Your goal:
Working from the top of the records below, reproduce each line exactly, ending once you have written the line containing "obtain k where".

━━ Stored data

lemma decode_seq_measurable:
  fixes xs :: "nat \<Rightarrow> 'a::{metric_space, second_countable_topology}"
  shows "(\<lambda>y. decode_seq xs y n) \<in> borel_measurable borel"
proof (induction n)
  case (Suc n)
  note [measurable] = Suc
  show ?case by simp measurable
qed simp

lemma decode_seq_convergent:
  fixes xs :: "nat \<Rightarrow> 'a::complete_space"
  shows "decode_seq xs y \<longlonglongrightarrow> ball_decode xs y"
proof -
  have "Cauchy (decode_seq xs y)"
    by (rule Cauchy_if_dist_Suc_le_geometric) (auto simp: dist_commute less_imp_le)
  then show ?thesis
    unfolding ball_decode_def using Cauchy_convergent_iff convergent_LIMSEQ_iff by blast
qed

lemma ball_decode_measurable:
  fixes xs :: "nat \<Rightarrow> 'a::polish_space"
  shows "ball_decode xs \<in> borel_measurable borel"
  by (rule borel_measurable_LIMSEQ_metric[OF decode_seq_measurable decode_seq_convergent])

lemma ball_decode_ball_code:
  fixes xs :: "nat \<Rightarrow> 'a::complete_space"
  assumes dense: "\<And>x e. e > 0 \<Longrightarrow> \<exists>k. dist x (xs k) < e"
  shows "ball_decode xs (ball_code xs x) = x"
proof -
  let ?y = "ball_code xs x"
  have centre_close: "dist x (xs (code_centre ?y n)) < (1/2)^n" for n
  proof -
    obtain k where "dist x (xs k) < (1/2)^n" using dense[of "(1/2)^n"] by auto
    then have "quaternary_digit ?y (prod_encode (n, k))" by (simp add: quaternary_digit_ball_code)
    then have "quaternary_digit ?y (prod_encode (n, code_centre ?y n))"
      unfolding code_centre_def by (rule LeastI)
    then show ?thesis by (simp add: quaternary_digit_ball_code)
  qed
  have seq_centre: "decode_seq xs ?y n = xs (code_centre ?y n)" for n
  proof (induction n)
    case (Suc n)
    have "dist (xs (code_centre ?y (Suc n))) (xs (code_centre ?y n))
        \<le> dist x (xs (code_centre ?y (Suc n))) + dist x (xs (code_centre ?y n))"
      by (rule dist_triangle3)
    also have "\<dots> < (1/2)^Suc n + (1/2)^n"
      using centre_close[of n] centre_close[of "Suc n"] by linarith
    also have "\<dots> \<le> 2 * (1/2)^n" by simp
    finally show ?case using Suc by simp
  qed simp
  have "decode_seq xs ?y \<longlonglongrightarrow> x"
  proof (rule metric_LIMSEQ_I)
    fix r :: real assume "0 < r"
    then obtain N where N: "(1/2::real)^N < r" using real_arch_pow_inv[of r "1/2"] by auto
    have "dist (decode_seq xs ?y n) x < r" if "N \<le> n" for n
    proof -
      have "(1/2::real)^n \<le> (1/2)^N" using that by (simp add: power_decreasing)
      then have "dist x (xs (code_centre ?y n)) < r" using centre_close[of n] N by linarith
      then show ?thesis by (simp add: seq_centre dist_commute)
    qed
    then show "\<exists>N. \<forall>n\<ge>N. dist (decode_seq xs ?y n) x < r" by blast
  qed
  then show ?thesis using decode_seq_convergent LIMSEQ_unique by blast
qed

lemma countable_dense_sequence:
  obtains xs :: "nat \<Rightarrow> 'a::{metric_space, second_countable_topology}"
  where "\<And>x e. e > 0 \<Longrightarrow> \<exists>k. dist x (xs k) < e"
proof -
  obtain D :: "'a set" where D: "countable D" "\<And>X. open X \<Longrightarrow> X \<noteq> {} \<Longrightarrow> \<exists>d\<in>D. d \<in> X"
    using countable_dense_setE by blast
  have "\<exists>k. dist x (from_nat_into D k) < e" if "e > 0" for x e
  proof -
    have "\<exists>d\<in>D. d \<in> ball x e" using D(2)[of "ball x e"] that by auto
    then obtain d where "d \<in> D" "d \<in> ball x e" by blast
    then show ?thesis using from_nat_into_surj[OF D(1) \<open>d \<in> D\<close>] by (auto simp: dist_commute)
  qed
  then show thesis using that by blast
qed

lemma polish_space_borel_embedding_real:
  obtains h :: "'a::polish_space \<Rightarrow> real" and g
  where "h \<in> borel_measurable borel" "g \<in> borel_measurable borel" "\<And>x. g (h x) = x"
proof -
  obtain xs :: "nat \<Rightarrow> 'a" where "\<And>x e. e > 0 \<Longrightarrow> \<exists>k. dist x (xs k) < e"
    using countable_dense_sequence by blast
  then show thesis
    using that ball_code_measurable ball_decode_measurable ball_decode_ball_code by blast
qed

text \<open>The quantile function is set to 0 outside \<open>(0, 1)\<close>, where the library's
  \<open>Inf {x. t \<le> cdf N x}\<close> is a junk value.\<close>
definition quantile :: "real measure \<Rightarrow> real \<Rightarrow> real" where
  "quantile N t = (if t \<in> {0<..<1} then Inf {x. t \<le> cdf N x} else 0)"

lemma quantile_measurable:
  assumes "real_distribution N"
  shows "quantile N \<in> borel_measurable borel"
proof -
  interpret cdf_distribution N unfolding cdf_distribution_def by (rule assms)
  have "(\<lambda>t. Inf {x. t \<le> cdf N x}) \<in> borel_measurable (restrict_space borel {0<..<1})"
    by (rule measurable_CI)
  then show ?thesis
    unfolding quantile_def by (subst (asm) measurable_restrict_space_iff) auto
qed

lemma emeasure_distr_unitI:
  assumes [measurable]: "f \<in> borel_measurable borel" "A \<in> sets borel"
  shows "emeasure (distr unitI borel f) A = emeasure lborel (f -` A \<inter> {0<..<1})"
proof -
  have f_unitI: "f \<in> measurable unitI borel"
    unfolding unitI_def by (rule measurable_restrict_space1) (simp add: measurable_lborel1)
  have "emeasure (distr unitI borel f) A = emeasure lborel (f -` A \<inter> {0..<1})"
    using emeasure_distr[OF f_unitI, of A]
    by (simp add: unitI_def emeasure_restrict_space space_restrict_space)
  also have "\<dots> = emeasure lborel (f -` A \<inter> {0<..<1})"
    by (rule emeasure_eq_AE) (use AE_lborel_singleton[of 0] in \<open>auto elim!: eventually_mono\<close>)
  finally show ?thesis .
qed

lemma quantile_parameters:
  assumes "real_distribution N"
  shows "quantile N \<in> parameters N"
proof -
  interpret cdf_distribution N unfolding cdf_distribution_def by (rule assms)
  note [measurable] = quantile_measurable[OF assms]
  have I: "(\<lambda>t. Inf {x. t \<le> cdf N x}) \<in> restrict_space lborel {0<..<1} \<rightarrow>\<^sub>M borel"
    using measurable_CI by (simp add: measurable_lborel1 measurable_restrict_space_iff)
  have "distr unitI borel (quantile N) = N"
  proof (rule measure_eqI)
    fix A assume "A \<in> sets (distr unitI borel (quantile N))"
    then have [measurable]: "A \<in> sets borel" by simp
    have "emeasure (distr unitI borel (quantile N)) A
        = emeasure (restrict_space lborel {0<..<1}) ((\<lambda>t. Inf {x. t \<le> cdf N x}) -` A
            \<inter> space (restrict_space lborel {0<..<1}))"
      by (subst emeasure_restrict_space)
        (auto simp: emeasure_distr_unitI space_restrict_space quantile_def
          intro!: arg_cong[where f="emeasure lborel"])
    also have "\<dots> = emeasure N A"
      using emeasure_distr[OF I, of A] distr_I_eq_M by simp
    finally show "emeasure (distr unitI borel (quantile N)) A = emeasure N A" .
  qed simp
  then show ?thesis
    unfolding parameters_def unitI_def
    by (auto intro: measurable_restrict_space1 simp: measurable_lborel1)
qed

lemma borel_measurable_fst_prod [measurable]:
  "fst \<in> borel_measurable (borel :: ('a::topological_space \<times> 'b::topological_space) measure)"
  by (intro borel_measurable_continuous_onI continuous_intros)

lemma borel_measurable_snd_prod [measurable]:
  "snd \<in> borel_measurable (borel :: ('a::topological_space \<times> 'b::topological_space) measure)"
  by (intro borel_measurable_continuous_onI continuous_intros)

lemma parameters_distr:
  assumes "\<phi> \<in> parameters M" and [measurable]: "F \<in> borel_measurable borel"
  shows "F \<circ> \<phi> \<in> parameters (distr M borel F)"
proof -
  have [measurable]: "\<phi> \<in> measurable unitI borel" and "distr unitI borel \<phi> = M"
    using assms(1) by (auto simp: parameters_def)
  moreover have "distr unitI borel (F \<circ> \<phi>) = distr (distr unitI borel \<phi>) borel F"
    by (rule distr_distr[symmetric]) measurable
  ultimately show ?thesis
    unfolding parameters_def by simp
qed

lemma parameters_nonempty:
  fixes M :: "'a::polish_space measure"
  assumes "mm_space M"
  shows "parameters M \<noteq> {}"
proof -
  have sets_M: "sets M = sets borel" and "prob_space M"
    using assms by (auto simp: mm_space_def)
  obtain h :: "'a \<Rightarrow> real" and g
    where h[measurable]: "h \<in> borel_measurable borel"
      and g[measurable]: "g \<in> borel_measurable borel"
      and gh: "\<And>x. g (h x) = x"
    using polish_space_borel_embedding_real by blast
  have h_M: "h \<in> borel_measurable M" unfolding measurable_cong_sets[OF sets_M refl] by simp
  then have "real_distribution (distr M borel h)"
    using prob_space.prob_space_distr[OF \<open>prob_space M\<close>]
    by (auto simp: real_distribution_def real_distribution_axioms_def)
  then have "g \<circ> quantile (distr M borel h) \<in> parameters (distr (distr M borel h) borel g)"
    by (intro parameters_distr quantile_parameters g)
  also have "distr (distr M borel h) borel g = M"
    using distr_distr[OF _ h_M, of g borel] distr_id2[OF sets_M[symmetric]] by (simp add: comp_def gh)
  finally show ?thesis by blast
qed

lemma pair_parameters_couplings:
  assumes \<phi>: "\<phi> \<in> parameters mX" and \<psi>: "\<psi> \<in> parameters mY"
  shows "distr unitI borel (\<lambda>t. (\<phi> t, \<psi> t)) \<in> couplings mX mY"
proof -
  have [measurable]: "\<phi> \<in> measurable unitI borel" "\<psi> \<in> measurable unitI borel"
    and "distr unitI borel \<phi> = mX" "distr unitI borel \<psi> = mY"
    using assms by (auto simp: parameters_def)
  moreover have "prob_space unitI"
    unfolding unitI_def
    by (rule prob_spaceI) (simp add: emeasure_restrict_space space_restrict_space)
  ultimately show ?thesis
    unfolding couplings_def
    by (simp add: distr_distr comp_def prob_space.prob_space_distr)
qed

━━━━

Written reply:
lemma decode_seq_measurable:
  fixes xs :: "nat \<Rightarrow> 'a::{metric_space, second_countable_topology}"
  shows "(\<lambda>y. decode_seq xs y n) \<in> borel_measurable borel"
proof (induction n)
  case (Suc n)
  note [measurable] = Suc
  show ?case by simp measurable
qed simp

lemma decode_seq_convergent:
  fixes xs :: "nat \<Rightarrow> 'a::complete_space"
  shows "decode_seq xs y \<longlonglongrightarrow> ball_decode xs y"
proof -
  have "Cauchy (decode_seq xs y)"
    by (rule Cauchy_if_dist_Suc_le_geometric) (auto simp: dist_commute less_imp_le)
  then show ?thesis
    unfolding ball_decode_def using Cauchy_convergent_iff convergent_LIMSEQ_iff by blast
qed

lemma ball_decode_measurable:
  fixes xs :: "nat \<Rightarrow> 'a::polish_space"
  shows "ball_decode xs \<in> borel_measurable borel"
  by (rule borel_measurable_LIMSEQ_metric[OF decode_seq_measurable decode_seq_convergent])

lemma ball_decode_ball_code:
  fixes xs :: "nat \<Rightarrow> 'a::complete_space"
  assumes dense: "\<And>x e. e > 0 \<Longrightarrow> \<exists>k. dist x (xs k) < e"
  shows "ball_decode xs (ball_code xs x) = x"
proof -
  let ?y = "ball_code xs x"
  have centre_close: "dist x (xs (code_centre ?y n)) < (1/2)^n" for n
  proof -
    obtain k where "dist x (xs k) < (1/2)^n" using dense[of "(1/2)^n"] by auto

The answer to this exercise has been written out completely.